> [Provided entries]:
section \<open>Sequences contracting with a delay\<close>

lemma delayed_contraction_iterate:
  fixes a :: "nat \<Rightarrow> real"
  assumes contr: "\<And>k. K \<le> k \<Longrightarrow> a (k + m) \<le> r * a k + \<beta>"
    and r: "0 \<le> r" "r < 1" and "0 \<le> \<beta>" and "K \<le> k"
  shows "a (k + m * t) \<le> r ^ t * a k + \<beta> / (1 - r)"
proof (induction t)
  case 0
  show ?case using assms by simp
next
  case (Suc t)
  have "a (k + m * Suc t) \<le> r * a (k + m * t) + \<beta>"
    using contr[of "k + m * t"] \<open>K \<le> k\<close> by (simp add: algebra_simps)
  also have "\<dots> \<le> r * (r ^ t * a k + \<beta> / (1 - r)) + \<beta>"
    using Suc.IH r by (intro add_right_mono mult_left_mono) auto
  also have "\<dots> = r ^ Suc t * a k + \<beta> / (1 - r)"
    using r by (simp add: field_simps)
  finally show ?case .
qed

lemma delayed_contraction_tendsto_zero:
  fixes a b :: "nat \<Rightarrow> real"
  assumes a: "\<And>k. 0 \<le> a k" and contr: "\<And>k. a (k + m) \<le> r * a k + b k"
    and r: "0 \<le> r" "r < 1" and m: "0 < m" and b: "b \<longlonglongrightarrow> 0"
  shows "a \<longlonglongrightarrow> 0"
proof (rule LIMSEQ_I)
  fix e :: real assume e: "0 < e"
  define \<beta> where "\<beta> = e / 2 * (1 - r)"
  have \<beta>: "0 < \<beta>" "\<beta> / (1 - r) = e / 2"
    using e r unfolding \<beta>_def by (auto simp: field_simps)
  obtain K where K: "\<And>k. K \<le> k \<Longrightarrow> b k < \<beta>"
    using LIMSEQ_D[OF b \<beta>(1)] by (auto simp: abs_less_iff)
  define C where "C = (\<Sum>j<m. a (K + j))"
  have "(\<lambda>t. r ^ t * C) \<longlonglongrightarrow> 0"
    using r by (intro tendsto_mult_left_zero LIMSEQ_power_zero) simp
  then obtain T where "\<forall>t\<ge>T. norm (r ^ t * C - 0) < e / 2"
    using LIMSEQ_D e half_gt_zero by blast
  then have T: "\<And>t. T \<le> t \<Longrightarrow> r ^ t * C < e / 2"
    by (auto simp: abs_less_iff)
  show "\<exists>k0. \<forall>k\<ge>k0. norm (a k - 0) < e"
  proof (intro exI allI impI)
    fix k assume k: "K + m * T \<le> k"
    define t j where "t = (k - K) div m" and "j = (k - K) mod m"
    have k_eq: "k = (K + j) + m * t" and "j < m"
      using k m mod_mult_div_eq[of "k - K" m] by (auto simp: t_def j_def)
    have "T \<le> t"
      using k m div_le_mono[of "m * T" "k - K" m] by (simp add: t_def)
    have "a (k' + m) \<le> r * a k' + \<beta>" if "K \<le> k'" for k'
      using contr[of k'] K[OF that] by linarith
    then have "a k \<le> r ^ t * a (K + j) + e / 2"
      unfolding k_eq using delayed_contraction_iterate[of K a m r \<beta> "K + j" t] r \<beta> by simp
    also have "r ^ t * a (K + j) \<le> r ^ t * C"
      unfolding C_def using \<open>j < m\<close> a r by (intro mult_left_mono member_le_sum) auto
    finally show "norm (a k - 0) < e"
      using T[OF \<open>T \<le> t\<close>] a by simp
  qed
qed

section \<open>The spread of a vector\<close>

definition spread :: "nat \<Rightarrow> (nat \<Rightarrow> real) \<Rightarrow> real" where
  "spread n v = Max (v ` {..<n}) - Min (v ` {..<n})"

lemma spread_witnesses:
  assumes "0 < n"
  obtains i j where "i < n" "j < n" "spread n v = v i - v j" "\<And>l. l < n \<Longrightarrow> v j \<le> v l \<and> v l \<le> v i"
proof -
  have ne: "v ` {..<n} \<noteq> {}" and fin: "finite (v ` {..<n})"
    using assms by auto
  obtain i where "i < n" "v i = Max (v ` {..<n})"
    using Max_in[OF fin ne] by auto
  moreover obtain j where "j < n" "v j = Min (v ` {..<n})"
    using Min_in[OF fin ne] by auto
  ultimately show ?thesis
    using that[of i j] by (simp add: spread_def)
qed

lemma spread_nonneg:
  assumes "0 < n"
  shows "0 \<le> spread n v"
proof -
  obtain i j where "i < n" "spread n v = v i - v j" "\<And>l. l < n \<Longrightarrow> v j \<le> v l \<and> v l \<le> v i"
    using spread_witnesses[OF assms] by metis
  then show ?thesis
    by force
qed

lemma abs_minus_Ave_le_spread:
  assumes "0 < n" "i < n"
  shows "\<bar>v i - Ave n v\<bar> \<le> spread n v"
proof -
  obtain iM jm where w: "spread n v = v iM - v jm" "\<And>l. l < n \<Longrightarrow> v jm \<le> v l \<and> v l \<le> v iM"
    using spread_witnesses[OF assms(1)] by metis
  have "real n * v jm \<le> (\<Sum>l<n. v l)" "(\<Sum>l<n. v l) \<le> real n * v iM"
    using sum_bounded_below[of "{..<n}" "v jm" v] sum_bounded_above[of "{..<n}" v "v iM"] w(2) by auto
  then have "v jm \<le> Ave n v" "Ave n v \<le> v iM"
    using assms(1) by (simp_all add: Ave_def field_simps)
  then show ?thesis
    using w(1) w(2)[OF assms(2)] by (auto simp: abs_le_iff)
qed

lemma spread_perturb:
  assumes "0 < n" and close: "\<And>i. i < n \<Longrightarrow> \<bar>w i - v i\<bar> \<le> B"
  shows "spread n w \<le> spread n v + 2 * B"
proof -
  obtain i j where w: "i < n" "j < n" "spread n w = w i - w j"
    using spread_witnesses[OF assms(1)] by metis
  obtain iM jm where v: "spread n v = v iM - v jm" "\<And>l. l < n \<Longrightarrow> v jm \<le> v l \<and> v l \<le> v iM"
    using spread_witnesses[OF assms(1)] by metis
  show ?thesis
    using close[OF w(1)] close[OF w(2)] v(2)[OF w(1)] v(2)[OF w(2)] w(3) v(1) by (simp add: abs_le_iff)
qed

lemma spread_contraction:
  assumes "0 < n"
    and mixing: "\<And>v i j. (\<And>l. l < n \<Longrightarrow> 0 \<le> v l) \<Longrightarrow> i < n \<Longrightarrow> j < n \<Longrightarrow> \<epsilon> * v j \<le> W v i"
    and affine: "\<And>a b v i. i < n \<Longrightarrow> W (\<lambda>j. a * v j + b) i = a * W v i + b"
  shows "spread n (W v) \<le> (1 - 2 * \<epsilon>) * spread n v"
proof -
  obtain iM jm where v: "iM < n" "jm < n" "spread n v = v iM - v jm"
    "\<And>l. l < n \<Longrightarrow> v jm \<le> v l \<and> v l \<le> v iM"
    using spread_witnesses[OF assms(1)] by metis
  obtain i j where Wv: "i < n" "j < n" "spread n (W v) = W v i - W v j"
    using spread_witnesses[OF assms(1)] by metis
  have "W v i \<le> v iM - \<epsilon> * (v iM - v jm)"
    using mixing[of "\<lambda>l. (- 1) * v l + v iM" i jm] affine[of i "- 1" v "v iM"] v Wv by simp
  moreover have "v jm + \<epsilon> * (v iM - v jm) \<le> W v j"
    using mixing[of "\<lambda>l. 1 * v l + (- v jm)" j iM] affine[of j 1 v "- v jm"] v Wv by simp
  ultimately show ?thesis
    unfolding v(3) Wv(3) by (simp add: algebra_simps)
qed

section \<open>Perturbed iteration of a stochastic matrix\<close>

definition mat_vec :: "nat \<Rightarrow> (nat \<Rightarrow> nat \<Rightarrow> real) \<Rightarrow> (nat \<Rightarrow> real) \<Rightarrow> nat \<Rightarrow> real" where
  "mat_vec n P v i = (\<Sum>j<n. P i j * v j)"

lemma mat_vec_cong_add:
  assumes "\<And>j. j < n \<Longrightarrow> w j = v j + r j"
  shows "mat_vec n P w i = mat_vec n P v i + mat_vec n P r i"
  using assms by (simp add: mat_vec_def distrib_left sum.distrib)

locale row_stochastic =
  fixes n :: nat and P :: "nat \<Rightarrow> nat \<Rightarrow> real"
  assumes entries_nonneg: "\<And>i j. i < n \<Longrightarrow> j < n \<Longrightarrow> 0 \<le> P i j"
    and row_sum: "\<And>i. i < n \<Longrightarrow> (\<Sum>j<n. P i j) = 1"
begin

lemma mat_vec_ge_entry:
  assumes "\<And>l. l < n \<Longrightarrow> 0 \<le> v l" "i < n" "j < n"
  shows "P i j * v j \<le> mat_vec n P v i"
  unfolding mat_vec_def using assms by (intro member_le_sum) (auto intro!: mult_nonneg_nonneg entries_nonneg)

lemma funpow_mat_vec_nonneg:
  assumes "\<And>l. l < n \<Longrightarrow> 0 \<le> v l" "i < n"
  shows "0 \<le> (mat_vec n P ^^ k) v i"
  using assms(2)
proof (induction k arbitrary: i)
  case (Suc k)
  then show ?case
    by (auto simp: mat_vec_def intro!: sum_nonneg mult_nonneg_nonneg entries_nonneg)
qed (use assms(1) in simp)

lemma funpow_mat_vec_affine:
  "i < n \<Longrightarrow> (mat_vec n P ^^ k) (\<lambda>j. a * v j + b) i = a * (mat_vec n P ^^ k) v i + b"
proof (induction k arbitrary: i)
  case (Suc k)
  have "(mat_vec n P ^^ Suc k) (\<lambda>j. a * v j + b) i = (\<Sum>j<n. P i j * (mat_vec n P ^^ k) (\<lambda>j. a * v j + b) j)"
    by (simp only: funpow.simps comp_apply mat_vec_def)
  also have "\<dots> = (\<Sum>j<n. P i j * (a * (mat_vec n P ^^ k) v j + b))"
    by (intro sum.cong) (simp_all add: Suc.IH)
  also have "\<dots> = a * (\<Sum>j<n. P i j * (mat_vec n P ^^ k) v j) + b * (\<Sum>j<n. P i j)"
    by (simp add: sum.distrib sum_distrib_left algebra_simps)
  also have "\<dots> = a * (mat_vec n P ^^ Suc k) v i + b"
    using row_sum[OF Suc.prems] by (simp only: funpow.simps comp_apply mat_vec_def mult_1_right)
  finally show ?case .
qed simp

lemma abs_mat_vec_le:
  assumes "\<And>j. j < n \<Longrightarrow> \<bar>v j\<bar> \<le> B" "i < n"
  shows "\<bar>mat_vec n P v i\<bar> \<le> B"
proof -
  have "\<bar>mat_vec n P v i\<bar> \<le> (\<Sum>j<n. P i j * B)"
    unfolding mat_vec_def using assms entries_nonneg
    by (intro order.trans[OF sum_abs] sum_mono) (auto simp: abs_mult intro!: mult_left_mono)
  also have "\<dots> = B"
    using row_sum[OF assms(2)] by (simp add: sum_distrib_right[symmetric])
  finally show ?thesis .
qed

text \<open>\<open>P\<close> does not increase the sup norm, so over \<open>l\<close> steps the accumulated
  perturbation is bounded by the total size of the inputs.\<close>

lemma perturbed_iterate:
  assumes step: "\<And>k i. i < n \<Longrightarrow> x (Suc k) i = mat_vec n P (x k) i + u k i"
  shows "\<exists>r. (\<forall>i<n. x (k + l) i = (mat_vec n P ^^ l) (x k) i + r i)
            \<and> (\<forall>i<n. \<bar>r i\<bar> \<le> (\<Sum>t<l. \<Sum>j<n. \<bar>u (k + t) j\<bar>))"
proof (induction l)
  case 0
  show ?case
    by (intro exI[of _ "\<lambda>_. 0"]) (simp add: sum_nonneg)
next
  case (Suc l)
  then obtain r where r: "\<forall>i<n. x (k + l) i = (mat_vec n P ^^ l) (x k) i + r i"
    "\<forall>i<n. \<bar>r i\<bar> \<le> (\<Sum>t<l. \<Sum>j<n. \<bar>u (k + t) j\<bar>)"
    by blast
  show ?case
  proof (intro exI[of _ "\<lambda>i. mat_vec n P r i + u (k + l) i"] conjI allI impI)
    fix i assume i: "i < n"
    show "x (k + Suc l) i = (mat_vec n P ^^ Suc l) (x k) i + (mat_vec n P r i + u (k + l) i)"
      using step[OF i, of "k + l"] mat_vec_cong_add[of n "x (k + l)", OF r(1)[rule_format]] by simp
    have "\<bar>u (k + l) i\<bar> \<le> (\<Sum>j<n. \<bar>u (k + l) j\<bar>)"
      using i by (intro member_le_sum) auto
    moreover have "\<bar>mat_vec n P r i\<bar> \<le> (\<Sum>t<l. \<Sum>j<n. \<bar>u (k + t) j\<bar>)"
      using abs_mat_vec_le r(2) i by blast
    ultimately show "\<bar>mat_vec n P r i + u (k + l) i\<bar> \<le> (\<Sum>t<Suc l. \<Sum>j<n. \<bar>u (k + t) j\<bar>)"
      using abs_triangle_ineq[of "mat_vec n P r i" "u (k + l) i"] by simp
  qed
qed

> [Exercise objective]: Among the records above, a stretch begins at the line containing "by (intro exI[of" and ends at the line containing "i + (mat_vec". Restate that stretch word for word, and nothing else.

> [Task solution]:
    by (intro exI[of _ "\<lambda>_. 0"]) (simp add: sum_nonneg)
next
  case (Suc l)
  then obtain r where r: "\<forall>i<n. x (k + l) i = (mat_vec n P ^^ l) (x k) i + r i"
    "\<forall>i<n. \<bar>r i\<bar> \<le> (\<Sum>t<l. \<Sum>j<n. \<bar>u (k + t) j\<bar>)"
    by blast
  show ?case
  proof (intro exI[of _ "\<lambda>i. mat_vec n P r i + u (k + l) i"] conjI allI impI)
    fix i assume i: "i < n"
    show "x (k + Suc l) i = (mat_vec n P ^^ Suc l) (x k) i + (mat_vec n P r i + u (k + l) i)"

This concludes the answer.